» **What needs to be done**: From the data underneath, reproduce exactly the stretch that begins at the line with "real (card (set" and ends after the line with "using assms(7) by blast".

» **Excerpted records**:

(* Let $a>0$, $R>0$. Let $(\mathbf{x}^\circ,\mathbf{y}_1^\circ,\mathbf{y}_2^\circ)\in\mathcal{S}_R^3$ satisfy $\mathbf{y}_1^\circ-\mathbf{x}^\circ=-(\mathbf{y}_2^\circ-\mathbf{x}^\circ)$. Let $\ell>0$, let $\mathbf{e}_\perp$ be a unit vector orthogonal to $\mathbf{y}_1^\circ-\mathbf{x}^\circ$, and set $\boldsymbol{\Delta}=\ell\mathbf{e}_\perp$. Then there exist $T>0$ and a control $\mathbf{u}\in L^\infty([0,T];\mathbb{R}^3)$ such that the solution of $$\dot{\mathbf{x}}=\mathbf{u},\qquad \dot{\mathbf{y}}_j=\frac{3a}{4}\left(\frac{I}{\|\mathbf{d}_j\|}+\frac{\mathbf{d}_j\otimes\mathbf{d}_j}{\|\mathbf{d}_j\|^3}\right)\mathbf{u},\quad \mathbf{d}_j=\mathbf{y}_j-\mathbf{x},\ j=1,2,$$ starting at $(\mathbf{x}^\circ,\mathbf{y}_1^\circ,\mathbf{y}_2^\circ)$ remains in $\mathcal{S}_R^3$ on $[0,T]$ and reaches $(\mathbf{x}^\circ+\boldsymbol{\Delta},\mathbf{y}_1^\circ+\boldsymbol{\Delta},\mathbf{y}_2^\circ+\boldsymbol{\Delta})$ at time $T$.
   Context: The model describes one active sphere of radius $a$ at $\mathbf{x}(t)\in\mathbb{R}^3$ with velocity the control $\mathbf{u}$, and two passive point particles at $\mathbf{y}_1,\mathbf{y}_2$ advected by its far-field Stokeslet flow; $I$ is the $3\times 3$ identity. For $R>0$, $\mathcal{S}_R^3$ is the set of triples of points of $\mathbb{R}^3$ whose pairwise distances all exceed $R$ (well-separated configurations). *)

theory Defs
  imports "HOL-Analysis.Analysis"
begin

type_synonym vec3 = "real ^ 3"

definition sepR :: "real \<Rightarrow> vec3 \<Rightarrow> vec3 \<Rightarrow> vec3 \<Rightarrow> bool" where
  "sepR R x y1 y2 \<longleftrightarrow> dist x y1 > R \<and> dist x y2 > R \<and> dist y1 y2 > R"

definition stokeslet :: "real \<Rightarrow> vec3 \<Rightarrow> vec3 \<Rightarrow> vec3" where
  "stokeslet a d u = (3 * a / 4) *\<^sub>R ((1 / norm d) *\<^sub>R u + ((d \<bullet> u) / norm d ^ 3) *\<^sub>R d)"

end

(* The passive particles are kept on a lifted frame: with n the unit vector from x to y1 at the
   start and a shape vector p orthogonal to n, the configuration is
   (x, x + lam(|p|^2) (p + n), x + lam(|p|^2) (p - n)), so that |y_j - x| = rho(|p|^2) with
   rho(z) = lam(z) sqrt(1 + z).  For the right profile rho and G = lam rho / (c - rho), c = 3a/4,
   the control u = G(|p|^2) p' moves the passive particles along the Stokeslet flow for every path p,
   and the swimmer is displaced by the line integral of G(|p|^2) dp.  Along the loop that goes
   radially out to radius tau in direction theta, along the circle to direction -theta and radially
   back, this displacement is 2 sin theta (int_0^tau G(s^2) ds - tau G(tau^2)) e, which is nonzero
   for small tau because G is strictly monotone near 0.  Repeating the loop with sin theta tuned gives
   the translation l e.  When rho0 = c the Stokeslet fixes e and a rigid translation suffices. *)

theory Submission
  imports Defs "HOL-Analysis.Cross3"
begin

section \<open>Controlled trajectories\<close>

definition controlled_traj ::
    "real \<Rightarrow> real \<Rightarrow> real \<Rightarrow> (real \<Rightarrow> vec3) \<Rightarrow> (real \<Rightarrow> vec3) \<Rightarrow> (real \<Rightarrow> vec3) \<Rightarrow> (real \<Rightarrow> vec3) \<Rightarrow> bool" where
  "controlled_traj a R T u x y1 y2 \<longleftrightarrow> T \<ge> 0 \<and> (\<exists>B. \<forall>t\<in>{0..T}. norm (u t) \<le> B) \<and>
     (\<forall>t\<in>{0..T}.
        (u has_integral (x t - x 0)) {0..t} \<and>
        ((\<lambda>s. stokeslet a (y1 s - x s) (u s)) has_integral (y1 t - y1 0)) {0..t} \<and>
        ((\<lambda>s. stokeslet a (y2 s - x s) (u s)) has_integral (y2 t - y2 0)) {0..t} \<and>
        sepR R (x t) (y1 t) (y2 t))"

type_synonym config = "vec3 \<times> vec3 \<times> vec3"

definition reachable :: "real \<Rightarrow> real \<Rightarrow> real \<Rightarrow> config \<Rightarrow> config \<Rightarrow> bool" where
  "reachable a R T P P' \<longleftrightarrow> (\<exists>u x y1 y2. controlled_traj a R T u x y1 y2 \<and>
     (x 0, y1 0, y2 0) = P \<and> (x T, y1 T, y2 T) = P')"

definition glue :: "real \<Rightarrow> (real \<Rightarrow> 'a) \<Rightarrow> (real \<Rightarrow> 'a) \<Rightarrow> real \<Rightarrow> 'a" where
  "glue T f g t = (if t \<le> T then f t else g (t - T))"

--

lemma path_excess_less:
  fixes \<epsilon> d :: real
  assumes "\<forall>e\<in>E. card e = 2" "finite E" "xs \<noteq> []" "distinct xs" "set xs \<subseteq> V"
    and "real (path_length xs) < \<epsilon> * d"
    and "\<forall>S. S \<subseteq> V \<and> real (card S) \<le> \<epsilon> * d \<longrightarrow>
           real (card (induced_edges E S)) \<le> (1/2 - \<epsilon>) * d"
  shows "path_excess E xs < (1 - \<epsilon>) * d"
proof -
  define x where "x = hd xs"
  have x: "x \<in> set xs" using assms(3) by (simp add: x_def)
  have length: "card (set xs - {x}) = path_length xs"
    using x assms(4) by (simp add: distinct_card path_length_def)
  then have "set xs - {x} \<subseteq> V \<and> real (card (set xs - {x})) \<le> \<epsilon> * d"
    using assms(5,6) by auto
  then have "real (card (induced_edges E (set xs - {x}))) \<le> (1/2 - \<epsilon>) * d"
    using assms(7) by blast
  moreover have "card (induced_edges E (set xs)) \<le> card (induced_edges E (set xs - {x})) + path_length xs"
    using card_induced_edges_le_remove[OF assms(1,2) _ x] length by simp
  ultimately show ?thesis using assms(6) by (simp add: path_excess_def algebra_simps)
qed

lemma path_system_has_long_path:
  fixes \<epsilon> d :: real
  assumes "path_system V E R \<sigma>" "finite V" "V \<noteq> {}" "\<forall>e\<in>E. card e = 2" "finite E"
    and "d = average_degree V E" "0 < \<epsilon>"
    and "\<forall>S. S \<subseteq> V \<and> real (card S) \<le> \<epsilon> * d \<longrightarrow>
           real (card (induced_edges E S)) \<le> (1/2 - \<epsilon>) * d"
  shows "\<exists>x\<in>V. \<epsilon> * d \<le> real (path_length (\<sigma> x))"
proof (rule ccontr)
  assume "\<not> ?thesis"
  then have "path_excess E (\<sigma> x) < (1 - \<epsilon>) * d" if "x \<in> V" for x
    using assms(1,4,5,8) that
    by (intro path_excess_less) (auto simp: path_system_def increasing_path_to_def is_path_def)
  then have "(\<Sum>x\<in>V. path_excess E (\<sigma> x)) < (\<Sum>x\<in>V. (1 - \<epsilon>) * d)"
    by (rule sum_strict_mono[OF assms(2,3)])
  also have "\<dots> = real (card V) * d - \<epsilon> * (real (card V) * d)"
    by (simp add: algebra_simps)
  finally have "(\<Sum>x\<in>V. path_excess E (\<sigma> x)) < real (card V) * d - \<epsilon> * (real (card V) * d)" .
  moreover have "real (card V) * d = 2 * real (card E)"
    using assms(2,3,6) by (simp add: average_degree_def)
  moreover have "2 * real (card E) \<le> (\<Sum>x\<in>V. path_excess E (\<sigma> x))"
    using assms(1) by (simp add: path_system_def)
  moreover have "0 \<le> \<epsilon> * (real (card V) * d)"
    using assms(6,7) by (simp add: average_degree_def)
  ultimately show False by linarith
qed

--

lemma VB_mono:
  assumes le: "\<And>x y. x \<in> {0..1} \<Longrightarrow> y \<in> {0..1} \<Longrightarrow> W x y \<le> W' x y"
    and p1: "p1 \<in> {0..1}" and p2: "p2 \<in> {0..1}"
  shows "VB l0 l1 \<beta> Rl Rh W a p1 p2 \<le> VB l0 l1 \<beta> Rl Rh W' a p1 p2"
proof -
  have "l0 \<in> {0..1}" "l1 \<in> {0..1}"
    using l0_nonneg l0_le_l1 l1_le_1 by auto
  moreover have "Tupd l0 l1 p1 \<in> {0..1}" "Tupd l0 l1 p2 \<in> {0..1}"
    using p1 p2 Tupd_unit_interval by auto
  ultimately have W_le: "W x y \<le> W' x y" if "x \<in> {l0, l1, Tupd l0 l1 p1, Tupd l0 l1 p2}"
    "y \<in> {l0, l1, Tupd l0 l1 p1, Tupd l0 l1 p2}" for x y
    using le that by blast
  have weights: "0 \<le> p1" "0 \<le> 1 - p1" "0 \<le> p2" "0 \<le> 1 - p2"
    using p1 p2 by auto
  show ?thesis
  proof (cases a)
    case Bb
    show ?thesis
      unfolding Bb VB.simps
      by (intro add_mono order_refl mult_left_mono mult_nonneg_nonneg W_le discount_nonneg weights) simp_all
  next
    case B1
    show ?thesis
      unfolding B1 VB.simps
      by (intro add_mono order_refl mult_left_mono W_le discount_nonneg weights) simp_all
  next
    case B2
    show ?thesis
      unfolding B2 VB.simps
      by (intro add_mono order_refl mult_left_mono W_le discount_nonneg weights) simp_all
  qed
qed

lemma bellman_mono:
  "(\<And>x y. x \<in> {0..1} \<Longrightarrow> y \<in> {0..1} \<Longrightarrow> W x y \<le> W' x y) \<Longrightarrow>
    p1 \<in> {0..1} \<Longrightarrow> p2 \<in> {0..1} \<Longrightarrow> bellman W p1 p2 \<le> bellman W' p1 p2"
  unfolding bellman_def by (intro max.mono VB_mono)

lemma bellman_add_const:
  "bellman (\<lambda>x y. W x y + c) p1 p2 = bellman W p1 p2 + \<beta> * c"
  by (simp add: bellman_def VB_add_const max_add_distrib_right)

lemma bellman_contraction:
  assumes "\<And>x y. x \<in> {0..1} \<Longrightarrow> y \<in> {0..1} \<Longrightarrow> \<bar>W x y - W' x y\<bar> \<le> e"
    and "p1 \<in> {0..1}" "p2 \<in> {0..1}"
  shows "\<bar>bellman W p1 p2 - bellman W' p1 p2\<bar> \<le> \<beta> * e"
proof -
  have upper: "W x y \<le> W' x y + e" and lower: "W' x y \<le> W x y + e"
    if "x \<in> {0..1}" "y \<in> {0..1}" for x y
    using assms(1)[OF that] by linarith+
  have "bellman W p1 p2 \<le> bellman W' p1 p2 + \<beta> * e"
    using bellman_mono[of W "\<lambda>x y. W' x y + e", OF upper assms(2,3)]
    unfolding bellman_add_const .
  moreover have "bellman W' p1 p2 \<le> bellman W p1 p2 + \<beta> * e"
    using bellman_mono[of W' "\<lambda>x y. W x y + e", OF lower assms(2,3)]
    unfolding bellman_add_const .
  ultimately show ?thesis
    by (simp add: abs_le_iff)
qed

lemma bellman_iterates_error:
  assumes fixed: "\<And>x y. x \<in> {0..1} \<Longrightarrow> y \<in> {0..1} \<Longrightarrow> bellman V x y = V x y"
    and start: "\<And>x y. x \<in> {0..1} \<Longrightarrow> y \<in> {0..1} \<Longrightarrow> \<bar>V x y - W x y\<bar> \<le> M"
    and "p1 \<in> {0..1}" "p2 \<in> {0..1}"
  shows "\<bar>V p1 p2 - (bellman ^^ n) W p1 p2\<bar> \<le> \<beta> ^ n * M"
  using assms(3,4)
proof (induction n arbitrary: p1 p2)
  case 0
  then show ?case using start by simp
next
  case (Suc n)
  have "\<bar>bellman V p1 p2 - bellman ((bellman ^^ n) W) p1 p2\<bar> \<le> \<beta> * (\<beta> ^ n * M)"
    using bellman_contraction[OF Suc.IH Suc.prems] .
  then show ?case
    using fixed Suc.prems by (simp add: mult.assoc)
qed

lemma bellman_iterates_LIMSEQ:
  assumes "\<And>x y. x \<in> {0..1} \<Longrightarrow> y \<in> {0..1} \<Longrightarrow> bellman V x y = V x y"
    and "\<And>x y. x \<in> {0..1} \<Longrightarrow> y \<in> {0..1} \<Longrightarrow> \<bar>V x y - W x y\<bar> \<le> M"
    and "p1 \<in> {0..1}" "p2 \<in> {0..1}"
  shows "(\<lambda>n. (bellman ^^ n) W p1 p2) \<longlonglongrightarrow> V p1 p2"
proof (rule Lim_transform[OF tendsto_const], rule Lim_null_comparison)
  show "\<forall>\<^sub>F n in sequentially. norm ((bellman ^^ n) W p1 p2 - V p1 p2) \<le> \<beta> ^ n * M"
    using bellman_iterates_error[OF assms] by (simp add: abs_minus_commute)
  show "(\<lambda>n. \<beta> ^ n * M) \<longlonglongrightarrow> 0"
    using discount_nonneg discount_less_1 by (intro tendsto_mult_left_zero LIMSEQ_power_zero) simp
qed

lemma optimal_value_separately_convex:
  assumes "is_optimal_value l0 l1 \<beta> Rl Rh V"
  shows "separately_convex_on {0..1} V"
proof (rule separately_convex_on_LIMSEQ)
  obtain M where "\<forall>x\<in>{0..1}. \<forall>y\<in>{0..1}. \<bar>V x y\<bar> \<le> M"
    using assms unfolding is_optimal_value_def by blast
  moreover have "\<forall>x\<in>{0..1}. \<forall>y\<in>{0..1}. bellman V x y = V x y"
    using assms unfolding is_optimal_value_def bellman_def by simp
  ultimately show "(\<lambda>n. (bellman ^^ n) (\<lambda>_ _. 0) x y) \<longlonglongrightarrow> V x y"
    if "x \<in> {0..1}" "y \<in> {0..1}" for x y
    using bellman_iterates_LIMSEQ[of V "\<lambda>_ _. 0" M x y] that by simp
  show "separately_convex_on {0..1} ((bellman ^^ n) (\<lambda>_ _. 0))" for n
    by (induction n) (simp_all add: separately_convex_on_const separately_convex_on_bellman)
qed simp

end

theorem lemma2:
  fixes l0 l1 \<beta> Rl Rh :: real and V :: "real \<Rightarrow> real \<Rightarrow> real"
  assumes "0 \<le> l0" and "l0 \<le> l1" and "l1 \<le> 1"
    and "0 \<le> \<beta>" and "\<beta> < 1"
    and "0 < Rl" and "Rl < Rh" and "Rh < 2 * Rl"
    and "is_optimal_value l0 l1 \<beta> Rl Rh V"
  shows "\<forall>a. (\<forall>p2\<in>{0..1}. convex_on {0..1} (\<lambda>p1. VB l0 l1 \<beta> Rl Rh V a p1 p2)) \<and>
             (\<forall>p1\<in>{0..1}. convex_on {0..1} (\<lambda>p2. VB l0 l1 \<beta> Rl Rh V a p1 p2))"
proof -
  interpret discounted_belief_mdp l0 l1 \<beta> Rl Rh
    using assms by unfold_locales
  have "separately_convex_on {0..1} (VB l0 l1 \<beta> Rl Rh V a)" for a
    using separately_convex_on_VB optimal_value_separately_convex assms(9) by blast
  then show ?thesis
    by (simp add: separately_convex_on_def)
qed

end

» **Written answer**:
  then have "set xs - {x} \<subseteq> V \<and> real (card (set xs - {x})) \<le> \<epsilon> * d"
    using assms(5,6) by auto
  then have "real (card (induced_edges E (set xs - {x}))) \<le> (1/2 - \<epsilon>) * d"
    using assms(7) by blast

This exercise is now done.